#### WORK ITEM
Starting with the line that contains "pderiv (pderiv f))" and stopping after the line that contains "on all g with", return each line below exactly as written, with no others.

:: DATA PROVIDED

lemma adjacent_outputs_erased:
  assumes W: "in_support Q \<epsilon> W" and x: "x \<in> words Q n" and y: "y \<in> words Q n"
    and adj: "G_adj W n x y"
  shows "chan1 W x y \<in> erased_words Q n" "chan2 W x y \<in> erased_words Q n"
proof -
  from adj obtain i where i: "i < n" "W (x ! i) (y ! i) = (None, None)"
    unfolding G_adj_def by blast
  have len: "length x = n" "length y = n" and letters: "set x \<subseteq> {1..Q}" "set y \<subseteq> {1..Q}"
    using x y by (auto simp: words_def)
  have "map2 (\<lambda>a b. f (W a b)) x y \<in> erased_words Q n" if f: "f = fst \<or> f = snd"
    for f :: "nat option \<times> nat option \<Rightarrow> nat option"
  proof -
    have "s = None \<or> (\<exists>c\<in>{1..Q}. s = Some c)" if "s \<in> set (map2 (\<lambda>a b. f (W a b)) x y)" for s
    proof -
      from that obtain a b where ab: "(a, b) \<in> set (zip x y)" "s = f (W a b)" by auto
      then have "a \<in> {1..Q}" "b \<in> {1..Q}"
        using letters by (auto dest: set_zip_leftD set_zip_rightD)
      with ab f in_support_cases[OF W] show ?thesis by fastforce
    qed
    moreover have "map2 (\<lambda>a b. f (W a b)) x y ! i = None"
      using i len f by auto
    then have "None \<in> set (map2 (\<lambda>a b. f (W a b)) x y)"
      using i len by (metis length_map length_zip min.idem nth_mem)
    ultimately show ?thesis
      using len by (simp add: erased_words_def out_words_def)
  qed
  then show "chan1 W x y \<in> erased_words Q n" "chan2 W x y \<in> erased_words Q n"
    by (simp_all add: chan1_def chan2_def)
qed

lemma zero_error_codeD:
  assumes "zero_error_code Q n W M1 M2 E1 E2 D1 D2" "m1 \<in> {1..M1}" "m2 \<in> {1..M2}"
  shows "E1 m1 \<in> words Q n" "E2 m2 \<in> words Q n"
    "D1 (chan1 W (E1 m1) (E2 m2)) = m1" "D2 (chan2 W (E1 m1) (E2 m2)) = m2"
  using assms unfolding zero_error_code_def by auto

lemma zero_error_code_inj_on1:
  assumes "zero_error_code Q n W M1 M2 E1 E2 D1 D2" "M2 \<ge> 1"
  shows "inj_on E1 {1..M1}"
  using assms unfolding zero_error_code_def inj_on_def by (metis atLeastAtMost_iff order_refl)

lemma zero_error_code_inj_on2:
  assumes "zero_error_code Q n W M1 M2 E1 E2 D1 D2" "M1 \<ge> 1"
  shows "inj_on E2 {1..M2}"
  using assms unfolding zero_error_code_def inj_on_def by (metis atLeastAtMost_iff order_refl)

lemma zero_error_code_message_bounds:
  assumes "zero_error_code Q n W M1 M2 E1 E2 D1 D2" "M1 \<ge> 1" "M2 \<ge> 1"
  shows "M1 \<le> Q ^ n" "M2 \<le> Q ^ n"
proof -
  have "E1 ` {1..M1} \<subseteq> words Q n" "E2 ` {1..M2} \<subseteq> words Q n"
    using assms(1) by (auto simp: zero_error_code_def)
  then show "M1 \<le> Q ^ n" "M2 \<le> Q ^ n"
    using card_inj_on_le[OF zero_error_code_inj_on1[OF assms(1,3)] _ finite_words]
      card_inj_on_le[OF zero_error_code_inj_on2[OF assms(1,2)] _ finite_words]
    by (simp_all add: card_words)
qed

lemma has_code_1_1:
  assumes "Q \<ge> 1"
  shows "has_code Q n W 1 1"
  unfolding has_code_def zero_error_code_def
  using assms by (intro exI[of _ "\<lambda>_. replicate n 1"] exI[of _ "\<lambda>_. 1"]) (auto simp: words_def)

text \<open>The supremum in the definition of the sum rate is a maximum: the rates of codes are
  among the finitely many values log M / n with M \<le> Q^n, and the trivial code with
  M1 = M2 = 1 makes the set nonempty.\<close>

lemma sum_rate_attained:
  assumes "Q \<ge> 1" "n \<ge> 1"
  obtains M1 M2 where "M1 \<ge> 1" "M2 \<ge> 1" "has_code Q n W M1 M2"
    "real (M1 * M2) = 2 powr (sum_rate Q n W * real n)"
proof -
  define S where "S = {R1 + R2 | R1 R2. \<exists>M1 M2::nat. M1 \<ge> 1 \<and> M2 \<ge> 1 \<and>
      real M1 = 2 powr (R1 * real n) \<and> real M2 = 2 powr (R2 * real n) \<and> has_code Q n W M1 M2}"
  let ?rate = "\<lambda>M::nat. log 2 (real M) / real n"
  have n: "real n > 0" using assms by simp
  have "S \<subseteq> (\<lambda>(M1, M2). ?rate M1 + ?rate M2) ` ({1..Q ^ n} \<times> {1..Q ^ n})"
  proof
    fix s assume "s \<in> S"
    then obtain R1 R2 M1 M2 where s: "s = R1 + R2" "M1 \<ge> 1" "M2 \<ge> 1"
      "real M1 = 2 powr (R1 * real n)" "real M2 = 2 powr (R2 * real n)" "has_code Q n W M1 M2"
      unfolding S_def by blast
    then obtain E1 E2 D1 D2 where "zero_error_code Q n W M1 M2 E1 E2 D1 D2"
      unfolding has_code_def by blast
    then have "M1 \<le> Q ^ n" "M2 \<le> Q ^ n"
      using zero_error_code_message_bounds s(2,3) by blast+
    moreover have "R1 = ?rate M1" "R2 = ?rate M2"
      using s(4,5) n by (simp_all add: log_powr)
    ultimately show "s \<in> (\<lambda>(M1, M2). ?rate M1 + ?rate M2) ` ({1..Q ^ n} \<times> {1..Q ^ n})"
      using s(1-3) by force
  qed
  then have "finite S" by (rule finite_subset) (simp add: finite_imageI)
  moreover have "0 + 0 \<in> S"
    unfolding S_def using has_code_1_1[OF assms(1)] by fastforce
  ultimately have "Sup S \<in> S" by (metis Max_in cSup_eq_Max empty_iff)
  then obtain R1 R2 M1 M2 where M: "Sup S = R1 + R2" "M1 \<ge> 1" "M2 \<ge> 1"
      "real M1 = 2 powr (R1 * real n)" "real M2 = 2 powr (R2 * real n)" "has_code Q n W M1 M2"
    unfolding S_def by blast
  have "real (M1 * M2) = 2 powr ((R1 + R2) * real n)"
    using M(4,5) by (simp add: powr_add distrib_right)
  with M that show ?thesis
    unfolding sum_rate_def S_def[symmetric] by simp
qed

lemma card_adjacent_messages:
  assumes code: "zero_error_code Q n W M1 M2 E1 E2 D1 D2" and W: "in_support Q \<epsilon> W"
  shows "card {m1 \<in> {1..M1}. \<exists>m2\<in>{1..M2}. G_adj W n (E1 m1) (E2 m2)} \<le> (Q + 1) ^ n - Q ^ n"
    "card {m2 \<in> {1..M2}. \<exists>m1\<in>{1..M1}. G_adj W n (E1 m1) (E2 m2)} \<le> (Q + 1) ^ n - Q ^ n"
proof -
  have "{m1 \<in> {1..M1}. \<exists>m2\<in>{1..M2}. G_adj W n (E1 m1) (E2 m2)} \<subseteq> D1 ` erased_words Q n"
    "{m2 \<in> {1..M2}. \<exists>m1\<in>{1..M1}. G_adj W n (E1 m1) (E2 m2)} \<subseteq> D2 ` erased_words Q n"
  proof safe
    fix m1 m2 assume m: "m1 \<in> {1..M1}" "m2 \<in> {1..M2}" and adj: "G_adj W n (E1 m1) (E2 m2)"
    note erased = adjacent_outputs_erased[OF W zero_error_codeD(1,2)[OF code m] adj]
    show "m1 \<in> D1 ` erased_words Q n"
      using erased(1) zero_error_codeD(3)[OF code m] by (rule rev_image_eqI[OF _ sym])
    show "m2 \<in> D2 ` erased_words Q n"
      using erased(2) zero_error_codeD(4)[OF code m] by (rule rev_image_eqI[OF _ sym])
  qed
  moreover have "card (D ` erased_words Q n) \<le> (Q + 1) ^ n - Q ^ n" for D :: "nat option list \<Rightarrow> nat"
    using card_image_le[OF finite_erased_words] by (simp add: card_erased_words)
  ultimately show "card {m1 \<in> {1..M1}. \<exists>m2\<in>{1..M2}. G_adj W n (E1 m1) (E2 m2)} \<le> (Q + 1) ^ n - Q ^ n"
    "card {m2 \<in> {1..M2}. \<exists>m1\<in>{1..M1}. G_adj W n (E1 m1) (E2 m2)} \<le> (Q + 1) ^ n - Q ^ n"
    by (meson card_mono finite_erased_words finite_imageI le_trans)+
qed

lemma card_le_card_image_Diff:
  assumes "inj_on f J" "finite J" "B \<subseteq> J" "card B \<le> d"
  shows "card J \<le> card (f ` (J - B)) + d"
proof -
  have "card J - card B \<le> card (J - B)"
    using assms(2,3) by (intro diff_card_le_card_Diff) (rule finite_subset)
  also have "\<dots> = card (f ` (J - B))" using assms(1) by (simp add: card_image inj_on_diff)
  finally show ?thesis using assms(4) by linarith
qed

::::
:: DATA PROVIDED

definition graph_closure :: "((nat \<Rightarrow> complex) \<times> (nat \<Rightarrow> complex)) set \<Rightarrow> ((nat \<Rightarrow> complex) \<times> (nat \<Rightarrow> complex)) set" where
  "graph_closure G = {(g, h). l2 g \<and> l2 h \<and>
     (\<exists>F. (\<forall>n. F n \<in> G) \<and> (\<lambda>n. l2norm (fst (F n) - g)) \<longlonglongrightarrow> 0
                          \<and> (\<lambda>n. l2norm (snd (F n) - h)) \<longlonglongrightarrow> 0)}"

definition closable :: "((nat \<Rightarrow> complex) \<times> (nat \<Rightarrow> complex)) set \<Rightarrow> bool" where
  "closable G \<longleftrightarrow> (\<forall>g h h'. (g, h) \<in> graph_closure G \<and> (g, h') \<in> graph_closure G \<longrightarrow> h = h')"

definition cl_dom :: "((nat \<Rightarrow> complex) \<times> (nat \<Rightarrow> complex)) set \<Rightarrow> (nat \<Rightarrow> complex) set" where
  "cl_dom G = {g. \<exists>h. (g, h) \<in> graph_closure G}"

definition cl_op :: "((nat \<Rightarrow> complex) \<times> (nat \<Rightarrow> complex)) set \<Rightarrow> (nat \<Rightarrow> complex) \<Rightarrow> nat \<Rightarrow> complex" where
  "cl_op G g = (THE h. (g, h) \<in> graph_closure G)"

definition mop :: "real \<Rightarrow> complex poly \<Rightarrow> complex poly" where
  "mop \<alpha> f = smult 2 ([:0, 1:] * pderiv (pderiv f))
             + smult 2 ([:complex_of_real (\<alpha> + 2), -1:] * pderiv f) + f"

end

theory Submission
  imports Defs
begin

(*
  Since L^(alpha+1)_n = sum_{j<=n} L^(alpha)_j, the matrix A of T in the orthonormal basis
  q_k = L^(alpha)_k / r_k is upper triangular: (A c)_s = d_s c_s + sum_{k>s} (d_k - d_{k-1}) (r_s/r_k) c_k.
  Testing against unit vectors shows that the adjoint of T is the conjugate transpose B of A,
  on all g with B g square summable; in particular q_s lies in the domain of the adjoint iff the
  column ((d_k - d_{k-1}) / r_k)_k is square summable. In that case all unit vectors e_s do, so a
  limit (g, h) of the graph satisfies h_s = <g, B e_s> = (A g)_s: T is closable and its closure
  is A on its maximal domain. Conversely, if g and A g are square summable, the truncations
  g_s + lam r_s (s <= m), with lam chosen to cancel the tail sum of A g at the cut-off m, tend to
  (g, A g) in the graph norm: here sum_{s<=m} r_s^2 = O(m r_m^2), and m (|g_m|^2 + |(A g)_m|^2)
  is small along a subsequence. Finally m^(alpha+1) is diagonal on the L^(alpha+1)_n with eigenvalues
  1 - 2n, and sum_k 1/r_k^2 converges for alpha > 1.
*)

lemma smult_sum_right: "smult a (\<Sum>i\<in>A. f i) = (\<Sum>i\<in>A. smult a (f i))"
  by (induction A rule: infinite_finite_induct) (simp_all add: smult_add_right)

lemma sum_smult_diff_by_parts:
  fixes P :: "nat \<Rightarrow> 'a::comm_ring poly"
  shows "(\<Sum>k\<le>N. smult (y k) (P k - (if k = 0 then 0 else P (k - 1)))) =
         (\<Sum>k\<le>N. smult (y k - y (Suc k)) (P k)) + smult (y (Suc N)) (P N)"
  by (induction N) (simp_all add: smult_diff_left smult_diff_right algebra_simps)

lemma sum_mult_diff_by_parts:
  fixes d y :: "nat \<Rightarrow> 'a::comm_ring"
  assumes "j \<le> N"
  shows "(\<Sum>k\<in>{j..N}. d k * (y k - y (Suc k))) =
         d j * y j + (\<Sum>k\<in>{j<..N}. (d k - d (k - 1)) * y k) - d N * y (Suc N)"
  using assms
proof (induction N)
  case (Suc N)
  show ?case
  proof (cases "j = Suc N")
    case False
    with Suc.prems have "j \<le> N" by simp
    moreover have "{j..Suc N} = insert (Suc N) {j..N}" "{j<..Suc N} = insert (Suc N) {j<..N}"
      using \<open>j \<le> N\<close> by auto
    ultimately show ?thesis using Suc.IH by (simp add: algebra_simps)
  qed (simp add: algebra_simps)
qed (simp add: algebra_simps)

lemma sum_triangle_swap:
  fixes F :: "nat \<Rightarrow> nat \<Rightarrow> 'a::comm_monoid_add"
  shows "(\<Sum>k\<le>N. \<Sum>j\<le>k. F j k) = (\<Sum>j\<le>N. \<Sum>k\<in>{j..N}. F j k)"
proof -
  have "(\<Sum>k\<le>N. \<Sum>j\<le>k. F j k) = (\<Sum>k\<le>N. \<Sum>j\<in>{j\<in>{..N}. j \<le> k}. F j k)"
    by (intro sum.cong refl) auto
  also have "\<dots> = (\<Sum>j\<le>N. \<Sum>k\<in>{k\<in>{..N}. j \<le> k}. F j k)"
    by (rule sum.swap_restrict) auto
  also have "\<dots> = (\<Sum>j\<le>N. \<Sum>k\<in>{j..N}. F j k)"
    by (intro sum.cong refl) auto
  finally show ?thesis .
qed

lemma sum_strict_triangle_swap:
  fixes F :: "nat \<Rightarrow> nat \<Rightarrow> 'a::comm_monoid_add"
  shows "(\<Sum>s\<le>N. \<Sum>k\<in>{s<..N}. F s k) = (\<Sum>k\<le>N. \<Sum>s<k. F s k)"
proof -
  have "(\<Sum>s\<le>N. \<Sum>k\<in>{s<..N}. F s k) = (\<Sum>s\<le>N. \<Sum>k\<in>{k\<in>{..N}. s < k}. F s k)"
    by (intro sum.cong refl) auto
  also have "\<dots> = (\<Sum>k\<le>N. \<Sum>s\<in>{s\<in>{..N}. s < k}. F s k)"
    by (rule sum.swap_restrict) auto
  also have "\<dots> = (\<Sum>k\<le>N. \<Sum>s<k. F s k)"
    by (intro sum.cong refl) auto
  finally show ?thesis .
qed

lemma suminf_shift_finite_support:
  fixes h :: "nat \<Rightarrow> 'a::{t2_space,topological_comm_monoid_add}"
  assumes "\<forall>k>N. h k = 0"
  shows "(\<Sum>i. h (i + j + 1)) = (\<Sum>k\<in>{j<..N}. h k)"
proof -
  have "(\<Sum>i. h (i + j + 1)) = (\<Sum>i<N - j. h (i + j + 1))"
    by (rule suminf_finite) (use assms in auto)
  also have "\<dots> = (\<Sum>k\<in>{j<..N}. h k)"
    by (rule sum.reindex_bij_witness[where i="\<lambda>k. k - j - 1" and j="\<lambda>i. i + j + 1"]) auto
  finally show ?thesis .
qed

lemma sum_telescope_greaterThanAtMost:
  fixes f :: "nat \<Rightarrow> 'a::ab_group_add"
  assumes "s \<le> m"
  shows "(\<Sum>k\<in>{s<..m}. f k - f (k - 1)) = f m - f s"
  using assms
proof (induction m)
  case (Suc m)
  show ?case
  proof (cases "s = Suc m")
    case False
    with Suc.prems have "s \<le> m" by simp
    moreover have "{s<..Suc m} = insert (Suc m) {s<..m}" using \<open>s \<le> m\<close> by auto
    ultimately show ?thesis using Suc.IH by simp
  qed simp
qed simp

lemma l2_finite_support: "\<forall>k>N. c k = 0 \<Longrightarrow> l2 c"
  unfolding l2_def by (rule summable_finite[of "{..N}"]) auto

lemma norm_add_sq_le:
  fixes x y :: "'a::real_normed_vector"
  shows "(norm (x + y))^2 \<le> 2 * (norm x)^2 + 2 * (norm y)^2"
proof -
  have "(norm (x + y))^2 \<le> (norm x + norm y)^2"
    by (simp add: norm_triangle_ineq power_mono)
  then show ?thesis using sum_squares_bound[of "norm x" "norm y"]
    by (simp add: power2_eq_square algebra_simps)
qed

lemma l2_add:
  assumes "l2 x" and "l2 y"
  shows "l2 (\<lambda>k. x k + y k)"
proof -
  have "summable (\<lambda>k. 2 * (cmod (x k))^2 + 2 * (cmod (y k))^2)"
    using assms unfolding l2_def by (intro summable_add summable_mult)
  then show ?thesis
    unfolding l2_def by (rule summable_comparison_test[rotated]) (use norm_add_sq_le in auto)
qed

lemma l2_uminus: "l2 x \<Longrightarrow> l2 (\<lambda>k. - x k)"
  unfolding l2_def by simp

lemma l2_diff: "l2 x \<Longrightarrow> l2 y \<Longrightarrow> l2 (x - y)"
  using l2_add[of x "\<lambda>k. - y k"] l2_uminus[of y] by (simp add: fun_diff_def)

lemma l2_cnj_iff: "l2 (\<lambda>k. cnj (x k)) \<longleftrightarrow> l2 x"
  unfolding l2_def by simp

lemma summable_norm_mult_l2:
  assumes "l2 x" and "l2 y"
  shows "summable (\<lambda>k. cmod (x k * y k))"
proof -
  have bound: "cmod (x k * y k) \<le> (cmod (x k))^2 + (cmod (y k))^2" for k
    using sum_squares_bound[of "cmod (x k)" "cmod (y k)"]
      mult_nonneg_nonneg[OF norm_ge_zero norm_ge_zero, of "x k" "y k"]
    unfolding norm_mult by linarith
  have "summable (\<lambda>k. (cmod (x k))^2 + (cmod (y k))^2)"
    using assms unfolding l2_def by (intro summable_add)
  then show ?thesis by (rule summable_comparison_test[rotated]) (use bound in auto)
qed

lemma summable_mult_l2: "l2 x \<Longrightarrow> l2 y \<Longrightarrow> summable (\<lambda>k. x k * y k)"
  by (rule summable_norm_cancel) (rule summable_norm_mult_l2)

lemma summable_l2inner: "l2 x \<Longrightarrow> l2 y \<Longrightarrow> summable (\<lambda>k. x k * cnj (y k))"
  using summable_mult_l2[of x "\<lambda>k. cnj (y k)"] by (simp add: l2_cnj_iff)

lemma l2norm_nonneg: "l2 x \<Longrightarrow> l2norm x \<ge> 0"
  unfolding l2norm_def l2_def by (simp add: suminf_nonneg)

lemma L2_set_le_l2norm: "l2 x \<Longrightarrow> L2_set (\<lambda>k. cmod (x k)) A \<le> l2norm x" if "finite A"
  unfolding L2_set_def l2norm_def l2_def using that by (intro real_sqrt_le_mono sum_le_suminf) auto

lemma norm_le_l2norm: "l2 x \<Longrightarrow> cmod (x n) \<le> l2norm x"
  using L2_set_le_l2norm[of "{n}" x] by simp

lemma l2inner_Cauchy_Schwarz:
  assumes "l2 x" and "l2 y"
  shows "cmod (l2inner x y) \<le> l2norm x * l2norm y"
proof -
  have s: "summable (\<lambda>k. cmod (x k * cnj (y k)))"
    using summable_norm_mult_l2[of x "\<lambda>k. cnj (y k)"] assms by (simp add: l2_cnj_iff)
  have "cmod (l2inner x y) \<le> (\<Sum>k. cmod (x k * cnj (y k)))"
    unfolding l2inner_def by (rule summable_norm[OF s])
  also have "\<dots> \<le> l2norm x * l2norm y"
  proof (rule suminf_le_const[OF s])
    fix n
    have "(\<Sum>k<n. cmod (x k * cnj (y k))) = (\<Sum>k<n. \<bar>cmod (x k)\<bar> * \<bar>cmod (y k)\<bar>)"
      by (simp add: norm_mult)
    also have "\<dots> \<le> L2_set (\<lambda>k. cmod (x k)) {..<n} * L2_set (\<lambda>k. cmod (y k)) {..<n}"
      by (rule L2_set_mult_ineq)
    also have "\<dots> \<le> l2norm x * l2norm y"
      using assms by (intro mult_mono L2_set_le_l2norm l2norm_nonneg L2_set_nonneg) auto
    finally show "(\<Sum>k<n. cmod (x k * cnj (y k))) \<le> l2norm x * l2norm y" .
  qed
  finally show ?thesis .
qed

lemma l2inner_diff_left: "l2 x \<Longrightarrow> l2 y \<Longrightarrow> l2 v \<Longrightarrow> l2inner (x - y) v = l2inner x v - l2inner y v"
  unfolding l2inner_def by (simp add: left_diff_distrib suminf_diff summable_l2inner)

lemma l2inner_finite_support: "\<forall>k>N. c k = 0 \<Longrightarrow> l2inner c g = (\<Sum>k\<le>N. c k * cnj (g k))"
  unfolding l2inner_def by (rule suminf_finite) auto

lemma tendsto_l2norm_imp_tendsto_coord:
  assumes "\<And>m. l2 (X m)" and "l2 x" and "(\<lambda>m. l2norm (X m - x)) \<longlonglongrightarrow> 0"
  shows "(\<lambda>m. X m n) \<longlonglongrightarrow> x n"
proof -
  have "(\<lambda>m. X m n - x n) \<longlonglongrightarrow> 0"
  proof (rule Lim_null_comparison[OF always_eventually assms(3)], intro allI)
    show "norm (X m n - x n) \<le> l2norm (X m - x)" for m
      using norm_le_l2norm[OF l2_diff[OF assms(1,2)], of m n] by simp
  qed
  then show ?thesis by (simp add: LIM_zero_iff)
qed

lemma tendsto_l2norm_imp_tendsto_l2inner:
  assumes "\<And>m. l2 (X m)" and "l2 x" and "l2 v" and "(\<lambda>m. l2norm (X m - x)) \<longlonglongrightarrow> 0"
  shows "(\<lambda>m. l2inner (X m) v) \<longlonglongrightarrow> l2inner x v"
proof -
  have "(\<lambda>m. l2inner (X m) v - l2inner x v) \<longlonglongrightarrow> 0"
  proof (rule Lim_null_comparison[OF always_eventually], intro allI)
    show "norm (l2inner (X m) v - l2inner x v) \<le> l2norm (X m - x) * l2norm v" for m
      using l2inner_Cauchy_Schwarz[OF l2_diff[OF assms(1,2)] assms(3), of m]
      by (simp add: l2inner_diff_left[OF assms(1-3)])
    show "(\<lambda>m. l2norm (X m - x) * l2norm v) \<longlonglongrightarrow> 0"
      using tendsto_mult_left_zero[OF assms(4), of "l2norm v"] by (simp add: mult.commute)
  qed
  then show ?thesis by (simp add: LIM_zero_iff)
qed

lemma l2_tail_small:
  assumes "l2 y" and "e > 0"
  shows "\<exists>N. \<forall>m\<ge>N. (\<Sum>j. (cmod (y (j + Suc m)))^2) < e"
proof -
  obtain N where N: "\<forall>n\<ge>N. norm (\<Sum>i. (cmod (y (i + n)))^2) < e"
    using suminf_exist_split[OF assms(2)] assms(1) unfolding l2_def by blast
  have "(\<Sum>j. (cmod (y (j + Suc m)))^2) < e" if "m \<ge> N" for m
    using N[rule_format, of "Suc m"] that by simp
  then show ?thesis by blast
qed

::::

#### WRITTEN SOLUTION
  "mop \<alpha> f = smult 2 ([:0, 1:] * pderiv (pderiv f))
             + smult 2 ([:complex_of_real (\<alpha> + 2), -1:] * pderiv f) + f"

end

theory Submission
  imports Defs
begin

(*
  Since L^(alpha+1)_n = sum_{j<=n} L^(alpha)_j, the matrix A of T in the orthonormal basis
  q_k = L^(alpha)_k / r_k is upper triangular: (A c)_s = d_s c_s + sum_{k>s} (d_k - d_{k-1}) (r_s/r_k) c_k.
  Testing against unit vectors shows that the adjoint of T is the conjugate transpose B of A,
  on all g with B g square summable; in particular q_s lies in the domain of the adjoint iff the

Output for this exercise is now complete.